Morocco Pentagraph

© 1995 by Orin Hargraves

 

Settle down in your reading chair! Here are a group of stories that will enable you to take a trip without ever leaving the farm. All of them are set in Morocco. You can link to the two longer stories (short novels, really) and a nonfiction memoir from this page; they are described below. Two of the shorter stories in the collection can be gotten to from the main portal page, which is here; you’ll find them near the bottom of that page.

 

Divided in Halves:  In this atmospheric novella set in a village in Morocco’s Middle Atlas mountains, four people (three men and one women, of whom two are natives, two are foreigners) develop a delightful ménage that enables them to transcend their dull surroundings, until it eventually collapses under the weight of its own secrets.

 

 

Fatima Meskina: This is a nonfiction memoir of one of the most remarkable and singular women I have ever known. It’s about 40 pages long and chronicles the three years that I spent time with her.

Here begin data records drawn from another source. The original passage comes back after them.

lemma hc_profile_tail:
  assumes "N \<le> block_start (Suc K)"
  shows "summable (\<lambda>i. \<bar>hc_profile (i + block_down K)\<bar>)"
    and "2 ^ N * (\<Sum>i. \<bar>hc_profile (i + block_down K)\<bar>) \<le> (1/2) ^ K"
proof -
  define f where "f p = 2 ^ N * \<bar>hc_profile p\<bar>" for p
  have blocks: "(\<Sum>p\<in>{block_down t..<block_down (Suc t)}. f p) \<le> (1/2) ^ Suc t" if "K \<le> t" for t
  proof -
    have "N \<le> block_start (Suc t)"
      using assms that strict_mono_less_eq[OF strict_mono_block_start, of "Suc K" "Suc t"] by simp
    then have pow: "(2::real) ^ N \<le> 2 ^ block_start (Suc t)"
      by (rule power_increasing) simp
    have "(\<Sum>p\<in>{block_down t..<block_down (Suc t)}. f p) =
        2 ^ N * (\<Sum>p\<in>{block_down t..<block_down (Suc t)}. \<bar>hc_profile p\<bar>)"
      by (simp add: f_def sum_distrib_left)
    also have "\<dots> \<le> 2 ^ block_start (Suc t) * (1/2) ^ (block_start (Suc t) + Suc t)"
      by (rule mult_mono[OF pow sum_abs_hc_profile_block]) (simp_all add: sum_nonneg)
    also have "\<dots> = (1/2) ^ Suc t"
      by (simp add: power_add power_one_over)
    finally show ?thesis .
  qed
  have f0: "0 \<le> f p" for p
    by (simp add: f_def)
  have c: "summable (\<lambda>t. (1/2::real) ^ Suc t)"
    using summable_geometric[of "1/2::real"] by (simp add: summable_Suc_iff)
  note tail = suminf_shift_le_by_blocks[OF f0 strict_mono_block_down c blocks]
  have "(\<Sum>i. f (i + block_down K)) \<le> (1/2) ^ K"
    using tail(2) sums_unique[OF sums_half_power_tail[of K]] by simp
  from tail(1)
  show sY: "summable (\<lambda>i. \<bar>hc_profile (i + block_down K)\<bar>)"
    by (simp add: f_def)
  show "2 ^ N * (\<Sum>i. \<bar>hc_profile (i + block_down K)\<bar>) \<le> (1/2) ^ K"
    using \<open>(\<Sum>i. f (i + block_down K)) \<le> (1/2) ^ K\<close> suminf_mult[OF sY, of "2 ^ N"] by (simp add: f_def)
qed

lemma summable_abs_hc_profile: "summable (\<lambda>p. \<bar>hc_profile p\<bar>)"
  using hc_profile_tail(1)[of 0 0] summable_iff_shift[where f = "\<lambda>p. \<bar>hc_profile p\<bar>"] by simp

lemma hc_vector_sq_le: "(hc_vector S p)\<^sup>2 \<le> \<bar>hc_profile p\<bar>"
  using power2_le_abs[OF order_trans[OF abs_hc_vector_le[of S p] abs_hc_profile_le_1[of p]]]
    abs_hc_vector_le[of S p]
  by linarith

lemma hc_vector_l2: "hc_vector S \<in> l2"
  unfolding l2_def mem_Collect_eq
  by (rule summable_comparison_nonneg[OF summable_abs_hc_profile _ hc_vector_sq_le]) simp

lemma hc_vector_close:
  assumes agree: "\<And>t. t \<le> K \<Longrightarrow> block_elt t \<in> S \<longleftrightarrow> block_elt t \<in> S'"
  shows "l2_norm (\<lambda>i. hc_vector S' i - hc_vector S i) \<le> sqrt ((1/2) ^ K)"
proof -
  define d where "d i = hc_vector S' i - hc_vector S i" for i
  have sd: "summable (\<lambda>i. (d i)\<^sup>2)"
    using l2_diff[OF hc_vector_l2 hc_vector_l2] by (simp add: l2_def d_def)
  have head: "d p = 0" if "p < block_down K" for p
  proof -
    have "block_of p \<le> K"
      using that block_down_less_start_Suc[of K] by (intro block_of_le) linarith
    then show ?thesis
      using agree by (simp add: d_def hc_vector_def)
  qed
  have "(d p)\<^sup>2 \<le> \<bar>hc_profile p\<bar>" for p
  proof -
    have d_le: "\<bar>d p\<bar> \<le> \<bar>hc_profile p\<bar>"
      by (simp add: d_def hc_vector_def)
    then show ?thesis
      using power2_le_abs[OF order_trans[OF d_le abs_hc_profile_le_1]] by linarith
  qed
  moreover have "summable (\<lambda>i. (d (i + block_down K))\<^sup>2)"
    using sd summable_iff_shift[where f = "\<lambda>i. (d i)\<^sup>2" and k = "block_down K"] by simp
  ultimately have "(\<Sum>i. (d (i + block_down K))\<^sup>2) \<le> (\<Sum>i. \<bar>hc_profile (i + block_down K)\<bar>)"
    using hc_profile_tail(1)[of 0 K] by (intro suminf_le) simp_all
  also have "\<dots> \<le> (1/2) ^ K"
    using hc_profile_tail(2)[of 0 K] by simp
  finally have "(\<Sum>i. (d i)\<^sup>2) \<le> (1/2) ^ K"
    using suminf_split_initial_segment[OF sd, of "block_down K"] head by simp
  then show ?thesis
    unfolding l2_norm_def d_def[symmetric] by (rule real_sqrt_le_mono)
qed

section \<open>Hypercyclicity\<close>

(* If Sb is a subset of Sa, every window on which hc_vector Sa is nonzero follows an up-ramp
   of weight 1 for hc_weight Sb. *)

lemma abs_weighted_hc_vector_le_1:
  assumes "Sb \<subseteq> Sa"
  shows "\<bar>(\<Prod>j<k. real (hc_weight Sb j)) * hc_vector Sa k\<bar> \<le> 1"
proof (cases "hc_vector Sa k = 0")
  case False
  define t where "t = block_of k"
  have "block_elt t \<notin> Sa" and window: "block_window t \<le> k \<and> k < block_down t"
    using False by (auto simp: hc_vector_def hc_profile_def Let_def t_def split: if_splits)
  then have "block_elt t \<notin> Sb"
    using assms by blast
  define i where "i = k - block_window t"
  have i: "i < block_len t" "k = block_window t + i"
    using window by (auto simp: i_def block_down_def)
  have "(\<Prod>j<k. real (hc_weight Sb j)) = 2 ^ block_exp t"
    using prod_hc_weight_lessThan_window[of t k Sb] window \<open>block_elt t \<notin> Sb\<close> by simp
  moreover have "hc_vector Sa k = block_val t i / 2 ^ (block_exp t + block_ramp t)"
    using \<open>block_elt t \<notin> Sa\<close> unfolding i(2) hc_vector_def block_of_window[OF i(1)]
    by (simp add: hc_profile_window[OF i(1)])
  ultimately have "\<bar>(\<Prod>j<k. real (hc_weight Sb j)) * hc_vector Sa k\<bar> =
      2 ^ block_exp t * (\<bar>block_val t i\<bar> / 2 ^ (block_exp t + block_ramp t))"
    by (simp add: abs_mult)
  also have "\<dots> = \<bar>block_val t i\<bar> / 2 ^ block_ramp t"
    by (simp add: power_add)
  also have "\<dots> \<le> 1"
    using abs_block_val_le[OF i(1)] by simp
  finally show ?thesis .
qed simp

lemma hc_vector_not_HC:
  assumes "Sb \<subseteq> Sa"
  shows "hc_vector Sa \<notin> HC (hc_weight Sb)"
proof -
  have "\<bar>(bshift (hc_weight Sb) ^^ k) (hc_vector Sa) 0\<bar> \<le> 1" for k
    using abs_weighted_hc_vector_le_1[OF assms, of k] by (simp add: bshift_funpow_apply atLeast0LessThan)
  then have "l2_top closure_of {(bshift (hc_weight Sb) ^^ k) (hc_vector Sa) | k. True} \<noteq> l2"
    by (intro closure_of_l2_top_neq_l2_if_coordinate_bounded[where i = 0 and r = 1]) auto
  then show ?thesis
    unfolding HC_def by blast
qed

Post Script: I learned in January 2006 that Fatima had died. It is completely fitting that in the end, she didn’t die alone and friendless as I feared that she might and predicted that she would in this memoir. What actually happened was far stranger than anything I could have imagined. She spent the last four days of her life in a semicoma. On her last day, one of her early employers, one-time Peace Corps Volunteer Debra Snell, was passing through her town and came to visit her. Debra announced who she was. Fatima opened her eyes, and died a couple of minutes later. When you read this story of her life you will not be surprised to see that this pillar of individuality in a conformist society stubbornly held on to life until she could leave it in the company of one of her “girls.”

 

Man and Maid (link coming soon): a comic novella that charts the relationship of young American in Morocco and his housemaid, whose designs on him go pretty far beyond just keeping house.